Hi @kushkhosla, before looking at the scaling issue, I decided to try benchmarking the different simulators. I used the following IPython script:
import pennylane as qml
from pennylane import numpy as np
ENCODING_SIZE = 10
NUM_QUBITS = 10
def circuit(x, thetas):
for i in range(ENCODING_SIZE):
qml.RX(x[i], wires=i)
for i in range(NUM_QUBITS - 1):
qml.CNOT(wires=[i, i + 1])
for i in range(NUM_QUBITS):
qml.RX(thetas[i], wires=i)
for i in range(NUM_QUBITS, 2 * NUM_QUBITS):
qml.RY(thetas[i], wires=(i - NUM_QUBITS))
return tuple(qml.expval.PauliZ(wires=i) for i in range(NUM_QUBITS))
x = np.random.random([ENCODING_SIZE])
thetas = np.random.random(2 * NUM_QUBITS)
devices = [
qml.device("default.qubit", wires=NUM_QUBITS),
qml.device("forest.numpy_wavefunction", wires=NUM_QUBITS),
qml.device("forest.wavefunction", wires=NUM_QUBITS),
qml.device("forest.qvm", device="{}q-qvm".format(NUM_QUBITS)),
qml.device("forest.qvm", device="{}q-pyqvm".format(NUM_QUBITS)),
qml.device("qiskit.basicaer", wires=NUM_QUBITS),
qml.device("qiskit.aer", wires=NUM_QUBITS),
qml.device("projectq.simulator", wires=NUM_QUBITS),
# qml.device("microsoft.QubitSimulator", wires=NUM_QUBITS),
]
print("Encoding size: {}".format(ENCODING_SIZE))
print("Number of qubits: {}".format(NUM_QUBITS))
for dev in devices:
print("\nDevice: {}".format(dev.name))
qnode = qml.QNode(circuit, dev)
%timeit qnode(x, thetas)
Running this script with ipython timing.ipy
, gives the following results:
Encoding size: 10
Number of qubits: 10
Device: Default qubit PennyLane plugin
2.35 s ± 236 ms per loop (mean ± std. dev. of 7 runs, 1 loop each)
Device: pyQVM NumpyWavefunction Simulator Device
293 ms ± 36.6 ms per loop (mean ± std. dev. of 7 runs, 1 loop each)

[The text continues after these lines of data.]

lemma shiftbin_row_delimiter_pair:
  fixes c0 c1 cd :: 'a and n r :: nat
  defines "R \<equiv> shiftbin_row c0 c1 cd n r"
  assumes "c0 \<noteq> c1" "c0 \<noteq> cd" "c1 \<noteq> cd" "1 \<le> n"
    and c: "c + (n + 2) \<le> length R" and "R ! c = cd" "R ! (c + (n + 1)) = cd"
  obtains m where "c = m * (n + 2)" "m < 2 ^ n" "m < r" "r \<le> m + 2 ^ n"
proof -
  have len: "length R = 2 ^ n * (n + 2)" unfolding R_def by (rule length_shiftbin_row)
  define m s where "m = c div (n + 2)" and "s = c mod (n + 2)"
  have c_eq: "c = m * (n + 2) + s" and "s < n + 2"
    unfolding m_def s_def by (simp_all only: div_mult_mod_eq) simp
  have "m < 2 ^ n"
    using c len unfolding m_def by (simp add: less_mult_imp_div_less)
  then have active: "m < r" "r \<le> m + 2 ^ n" and "s = 0 \<or> s = n + 1"
    using \<open>R ! c = cd\<close> nth_shiftbin_row_block[OF \<open>m < 2 ^ n\<close> \<open>s < n + 2\<close>, of c0 c1 cd r]
      c_eq assms(2-4) unfolding R_def by (auto split: if_splits)
  moreover have "s \<noteq> n + 1"
  proof
    assume "s = n + 1"
    then have idx: "c + (n + 1) = Suc m * (n + 2) + n"
      and "Suc m * (n + 2) < 2 ^ n * (n + 2)"
      using c_eq c len by (simp_all add: algebra_simps)
    then have "Suc m < 2 ^ n" by (simp only: mult_less_cancel2)
    then have "R ! (Suc m * (n + 2) + n) \<noteq> cd"
      using nth_shiftbin_row_block[of "Suc m" n n c0 c1 cd r] assms(2-5)
      unfolding R_def by auto
    with \<open>R ! (c + (n + 1)) = cd\<close> show False by (metis idx)
  qed
  ultimately show thesis
    using that \<open>m < 2 ^ n\<close> c_eq by simp
qed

Device: Forest Wavefunction Simulator Device
350 ms ± 65.4 ms per loop (mean ± std. dev. of 7 runs, 1 loop each)
Device: Forest QVM Device (10q-qvm, 1024 shots)
5.6 s ± 92.6 ms per loop (mean ± std. dev. of 7 runs, 1 loop each)

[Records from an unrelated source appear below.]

(* Let $\Omega$ be a topological space, $X$ a locally convex topological vector space over $\mathbb{C}$, $v \in F(\Omega, \mathbb{R}_+)$ and $f \in F(\Omega, X)$ such that $vf$ (respectively $f$) is continuous on $\mathrm{supp}\, v$. Let $A \subset C(\Omega, [0, 1])$, or let $A$ be a self-adjoint subalgebra of $C(\Omega, \mathbb{C})$ such that every $\varphi\in A$ is bounded on $\mathrm{supp}\,v$. If $A$ separates disjoint Lebesgue sets of $vf$ (respectively $f$) in $\mathrm{supp}\, v$, then $A$ $\beta$-separates disjoint Lebesgue sets of $vf$ (respectively $f$) in $\mathrm{supp}\, v$.
   Context: $vf(x)=v(x)f(x)$; $\mathrm{supp}\,v$ is the closure of $\{v\neq0\}$; $X^*$ is the space of continuous linear functionals $X\to\mathbb{C}$. For $h\in F(\Omega,X)$, $S\subset\Omega$, $e^*\in X^*$, $a<b$: $L_a=\{x\in S:\Re e^*(h(x))\le a\}$, $L^b=\{x\in S:\Re e^*(h(x))\ge b\}$. "$A$ separates disjoint Lebesgue sets of $h$ in $S$" means: for all $e^*\in X^*$ and $a<b$ there is $\varphi\in A$ with $\overline{\varphi(L_a)}\cap\overline{\varphi(L^b)}=\emptyset$ (with $\varphi(\emptyset)=\emptyset$). A zero-set is $h^{-1}(0)$ with $h\in C(\Omega,\mathbb{R})$; a $z$-filter is a nonempty family $\mathcal{F}$ of zero-sets with $\emptyset\notin\mathcal{F}$, closed under finite intersections and under passing to larger zero-sets. $\mathcal{F}$ is $(A,v)$-antisymmetric if every $F\in\mathcal{F}$ meets $\mathrm{supp}\,v$ and, for each $\phi\in A$ with $\bigcap_{F\in\mathcal{F}}\overline{\phi(F\cap\mathrm{supp}\,v)}\subset[0,1]$ (closures in $\mathbb{C}\cup\{\infty\}$), this intersection is a single point. "$A$ $\beta$-separates disjoint Lebesgue sets of $h$ in $\mathrm{supp}\,v$" means: for any $(A,v)$-antisymmetric $z$-filter $\mathcal{F}$, any $e^*\in X^*$ and $a<b$, there is $F\in\mathcal{F}$ with $F\cap L_a=\emptyset$ or $F\cap L^b=\emptyset$, the Lebesgue sets being taken in $S=\mathrm{supp}\,v$. *)

theory Defs
  imports "HOL-Analysis.Analysis"
begin

text \<open>The library has no
class of complex vector spaces, so a complex vector space is modelled as a real
vector space together with a complex structure J (multiplication by i);
complex scalar multiplication is then (a + i b) x = a x + b J x.\<close>

definition cscale :: "('x::real_vector \<Rightarrow> 'x) \<Rightarrow> complex \<Rightarrow> 'x \<Rightarrow> 'x" where
  "cscale J c x = Re c *\<^sub>R x + Im c *\<^sub>R J x"

definition complex_lctvs :: "('x::{real_vector,topological_space} \<Rightarrow> 'x) \<Rightarrow> bool" where
  "complex_lctvs J \<longleftrightarrow>
     linear J \<and> (\<forall>x. J (J x) = - x) \<and>
     continuous_on UNIV (\<lambda>p::'x \<times> 'x. fst p + snd p) \<and>
     continuous_on UNIV (\<lambda>p::real \<times> 'x. fst p *\<^sub>R snd p) \<and>
     continuous_on UNIV J \<and>
     (\<forall>U. open U \<and> (0::'x) \<in> U \<longrightarrow> (\<exists>V. open V \<and> convex V \<and> 0 \<in> V \<and> V \<subseteq> U))"

definition cdual :: "('x::{real_vector,topological_space} \<Rightarrow> 'x) \<Rightarrow> ('x \<Rightarrow> complex) set" where
  "cdual J = {e. (\<forall>x y. e (x + y) = e x + e y) \<and> (\<forall>c x. e (cscale J c x) = c * e x)
                 \<and> continuous_on UNIV e}"

definition supp :: "('a::topological_space \<Rightarrow> real) \<Rightarrow> 'a set" where
  "supp v = closure {x. v x \<noteq> 0}"

definition Lsub :: "('a \<Rightarrow> 'x) \<Rightarrow> 'a set \<Rightarrow> ('x \<Rightarrow> complex) \<Rightarrow> real \<Rightarrow> 'a set" where
  "Lsub h S e a = {x \<in> S. Re (e (h x)) \<le> a}"

definition Lsup :: "('a \<Rightarrow> 'x) \<Rightarrow> 'a set \<Rightarrow> ('x \<Rightarrow> complex) \<Rightarrow> real \<Rightarrow> 'a set" where
  "Lsup h S e b = {x \<in> S. Re (e (h x)) \<ge> b}"

definition separates_lebesgue ::
  "('x::{real_vector,topological_space} \<Rightarrow> 'x) \<Rightarrow> ('a \<Rightarrow> complex) set \<Rightarrow> ('a \<Rightarrow> 'x) \<Rightarrow> 'a set \<Rightarrow> bool" where
  "separates_lebesgue J A h S \<longleftrightarrow>
     (\<forall>e\<in>cdual J. \<forall>a b. a < b \<longrightarrow>
        (\<exists>\<phi>\<in>A. closure (\<phi> ` Lsub h S e a) \<inter> closure (\<phi> ` Lsup h S e b) = {}))"

definition zero_set :: "'a::topological_space set \<Rightarrow> bool" where
  "zero_set Z \<longleftrightarrow> (\<exists>h::'a \<Rightarrow> real. continuous_on UNIV h \<and> Z = h -` {0})"

definition z_filter :: "'a::topological_space set set \<Rightarrow> bool" where
  "z_filter \<F> \<longleftrightarrow> \<F> \<noteq> {} \<and> (\<forall>F\<in>\<F>. zero_set F) \<and> {} \<notin> \<F> \<and>
     (\<forall>F G. F \<in> \<F> \<longrightarrow> G \<in> \<F> \<longrightarrow> F \<inter> G \<in> \<F>) \<and>
     (\<forall>F G. F \<in> \<F> \<longrightarrow> zero_set G \<longrightarrow> F \<subseteq> G \<longrightarrow> G \<in> \<F>)"

text \<open>C \<union> {\<infinity>} is modelled as complex option (None = \<infinity>); the closure of E \<subseteq> C in the
Riemann sphere is the closure in C plus \<infinity> exactly when E is unbounded.\<close>
definition ext_closure :: "complex set \<Rightarrow> complex option set" where
  "ext_closure E = Some ` closure E \<union> (if bounded E then {} else {None})"

definition antisymmetric ::
  "('a::topological_space \<Rightarrow> complex) set \<Rightarrow> ('a \<Rightarrow> real) \<Rightarrow> 'a set set \<Rightarrow> bool" where
  "antisymmetric A v \<F> \<longleftrightarrow>
     (\<forall>F\<in>\<F>. F \<inter> supp v \<noteq> {}) \<and>
     (\<forall>\<phi>\<in>A. (\<Inter>F\<in>\<F>. ext_closure (\<phi> ` (F \<inter> supp v))) \<subseteq> Some ` (complex_of_real ` {0..1})
        \<longrightarrow> (\<exists>z. (\<Inter>F\<in>\<F>. ext_closure (\<phi> ` (F \<inter> supp v))) = {z}))"

definition beta_separates_lebesgue ::
  "('x::{real_vector,topological_space} \<Rightarrow> 'x) \<Rightarrow> ('a::topological_space \<Rightarrow> complex) set
    \<Rightarrow> ('a \<Rightarrow> real) \<Rightarrow> ('a \<Rightarrow> 'x) \<Rightarrow> bool" where
  "beta_separates_lebesgue J A v h \<longleftrightarrow>
     (\<forall>\<F>. z_filter \<F> \<and> antisymmetric A v \<F> \<longrightarrow>
        (\<forall>e\<in>cdual J. \<forall>a b. a < b \<longrightarrow>
           (\<exists>F\<in>\<F>. F \<inter> Lsub h (supp v) e a = {} \<or> F \<inter> Lsup h (supp v) e b = {})))"

text \<open>Self-adjoint subalgebra of C(\<Omega>, C) (not required to contain constants).\<close>
definition selfadjoint_subalgebra :: "('a::topological_space \<Rightarrow> complex) set \<Rightarrow> bool" where
  "selfadjoint_subalgebra A \<longleftrightarrow>
     (\<forall>\<phi>\<in>A. continuous_on UNIV \<phi>) \<and> (\<lambda>_. 0) \<in> A \<and>
     (\<forall>\<phi>\<in>A. \<forall>\<psi>\<in>A. (\<lambda>x. \<phi> x + \<psi> x) \<in> A \<and> (\<lambda>x. \<phi> x * \<psi> x) \<in> A) \<and>
     (\<forall>c. \<forall>\<phi>\<in>A. (\<lambda>x. c * \<phi> x) \<in> A) \<and>
     (\<forall>\<phi>\<in>A. (\<lambda>x. cnj (\<phi> x)) \<in> A)"

end

theory Submission
  imports Defs
begin

text \<open>Suppose some z-filter \<F> as in the definition meets both Lebesgue sets L_a and L^b in
each of its members, and let \<phi> \<in> A separate them.  Since \<phi> is bounded on supp v, compactness
gives cluster points w of \<phi> along \<F> on L_a and w' on L^b, and w \<noteq> w' because the closures of
\<phi>(L_a) and \<phi>(L^b) are disjoint.  Some \<psi> = g \<circ> \<phi> \<in> A with values in [0,1] on supp v still
separates them: \<psi> = \<phi> when A consists of [0,1]-valued functions, and otherwise
g(z) = c |z|^2 |z - u|^2, a polynomial in z and conj z without constant term.  Then g w and g w'
are two distinct points of the intersection that antisymmetry forces to be a singleton.\<close>

lemma compact_complex_unit_interval: "compact (complex_of_real ` {0..1})"
  by (intro compact_continuous_image) (auto intro!: continuous_intros)

lemma ext_closure_bounded: "bounded E \<Longrightarrow> ext_closure E = Some ` closure E"
  by (simp add: ext_closure_def)

lemma z_filter_nonempty: "z_filter \<F> \<Longrightarrow> \<F> \<noteq> {}"
  unfolding z_filter_def by (elim conjE)

lemma z_filter_Int: "z_filter \<F> \<Longrightarrow> F \<in> \<F> \<Longrightarrow> G \<in> \<F> \<Longrightarrow> F \<inter> G \<in> \<F>"
  unfolding z_filter_def by (elim conjE) blast

lemma closure_image_comp_mono:
  fixes g :: "'b::topological_space \<Rightarrow> 'c::topological_space"
  assumes "continuous_on UNIV g" and "w \<in> closure (\<phi> ` X)" and "X \<subseteq> Y"
  shows "g w \<in> closure ((\<lambda>x. g (\<phi> x)) ` Y)"
proof -
  have "g w \<in> closure (g ` \<phi> ` X)"
    using continuous_image_closure_subset[OF assms(1)] assms(2) by blast
  also have "\<dots> \<subseteq> closure ((\<lambda>x. g (\<phi> x)) ` Y)"
    using assms(3) by (intro closure_mono) auto
  finally show ?thesis .
qed

lemma common_closure_point_of_bounded_image:
  fixes \<phi> :: "'a \<Rightarrow> 'b::heine_borel"
  assumes "bounded (\<phi> ` L)" and "\<F> \<noteq> {}"
    and Int_mem: "\<And>F G. F \<in> \<F> \<Longrightarrow> G \<in> \<F> \<Longrightarrow> F \<inter> G \<in> \<F>"
    and meets: "\<And>F. F \<in> \<F> \<Longrightarrow> F \<inter> L \<noteq> {}"
  shows "\<exists>w. \<forall>F\<in>\<F>. w \<in> closure (\<phi> ` (F \<inter> L))"
proof -
  have "closure (\<phi> ` L) \<inter> (\<Inter>F\<in>\<F>. closure (\<phi> ` (F \<inter> L))) \<noteq> {}"
  proof (rule compact_imp_fip_image)
    show "compact (closure (\<phi> ` L))"
      using assms(1) by simp
  next
    fix \<G> assume "finite \<G>" and "\<G> \<subseteq> \<F>"
    then obtain F0 where "F0 \<in> \<F>" and "F0 \<subseteq> \<Inter>\<G>"
    proof (induction \<G> arbitrary: thesis rule: finite_induct)
      case empty
      then show ?case using \<open>\<F> \<noteq> {}\<close> by blast
    next
      case (insert G \<G>)
      then obtain F0 where "F0 \<in> \<F>" and "F0 \<subseteq> \<Inter>\<G>" by blast
      then show ?case using insert.prems Int_mem[of G F0] by blast
    qed
    then obtain x where "x \<in> F0 \<inter> L" using meets by blast
    then have "\<phi> x \<in> closure (\<phi> ` L) \<inter> (\<Inter>G\<in>\<G>. closure (\<phi> ` (G \<inter> L)))"
      using \<open>F0 \<subseteq> \<Inter>\<G>\<close> closure_subset by fastforce
    then show "closure (\<phi> ` L) \<inter> (\<Inter>G\<in>\<G>. closure (\<phi> ` (G \<inter> L))) \<noteq> {}" by blast
  qed simp
  then show ?thesis by blast
qed

lemma antisymmetric_common_closure_point_unique:
  assumes "antisymmetric A v \<F>" and "\<F> \<noteq> {}" and "\<psi> \<in> A"
    and unit: "\<And>x. x \<in> supp v \<Longrightarrow> \<psi> x \<in> complex_of_real ` {0..1}"
    and p: "\<forall>F\<in>\<F>. p \<in> closure (\<psi> ` (F \<inter> supp v))"
    and q: "\<forall>F\<in>\<F>. q \<in> closure (\<psi> ` (F \<inter> supp v))"
  shows "p = q"
proof -
  let ?I = "\<Inter>F\<in>\<F>. ext_closure (\<psi> ` (F \<inter> supp v))"
  have image_unit: "\<psi> ` (F \<inter> supp v) \<subseteq> complex_of_real ` {0..1}" for F
    using unit by blast
  have closure_unit: "closure (\<psi> ` (F \<inter> supp v)) \<subseteq> complex_of_real ` {0..1}" for F
    using image_unit compact_imp_closed[OF compact_complex_unit_interval] by (rule closure_minimal)
  have ext_eq: "ext_closure (\<psi> ` (F \<inter> supp v)) = Some ` closure (\<psi> ` (F \<inter> supp v))" for F
    using compact_imp_bounded[OF compact_complex_unit_interval] image_unit
    by (intro ext_closure_bounded) (rule bounded_subset)
  obtain F0 where "F0 \<in> \<F>"
    using \<open>\<F> \<noteq> {}\<close> by blast
  then have "?I \<subseteq> Some ` closure (\<psi> ` (F0 \<inter> supp v))"
    unfolding ext_eq by blast
  also have "\<dots> \<subseteq> Some ` complex_of_real ` {0..1}"
    using closure_unit by (rule image_mono)
  finally obtain z where "?I = {z}"
    using assms(1,3) unfolding antisymmetric_def by blast
  moreover have "Some p \<in> ?I" and "Some q \<in> ?I"
    using p q unfolding ext_eq by auto
  ultimately show ?thesis by auto
qed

Device: Forest pyQVM Device (10q-pyqvm, 1024 shots)
6.71 ms ± 245 µs per loop (mean ± std. dev. of 7 runs, 100 loops each)
Device: Qiskit Basic Aer (1024 shots)
179 ms ± 4.95 ms per loop (mean ± std. dev. of 7 runs, 1 loop each)
Device: Qiskit Aer (1024 shots)
162 ms ± 5.18 ms per loop (mean ± std. dev. of 7 runs, 10 loops each)
Device: ProjectQ PennyLane plugin (1024 shots)
60.5 ms ± 26.9 ms per loop (mean ± std. dev. of 7 runs, 10 loops each)
(NB: I modified the print statement above to give more device information. The devices that specify shots
are hardware simulators, so increasing the number of shots increases accuracy, but also increases runtime.)
A couple of things to note:
-
The
default.qubit
device is quite slow. This is not intentional, but at the same time, thedefault.qubit
device is not meant for production code — it is a reference plugin designed to show developers how a PennyLane plugin is coded. -
We recommend instead that you use a plugin for an external high-performance qubit simulator. From the rough benchmarking above, it appears that for 10 qubits, the Rigetti Forest pyQVM simulator destroys the competition
So you should see some significant improvements using
qml.device("forest.qvm", device="{}q-pyqvm".format(NUM_QUBITS), shots=1024)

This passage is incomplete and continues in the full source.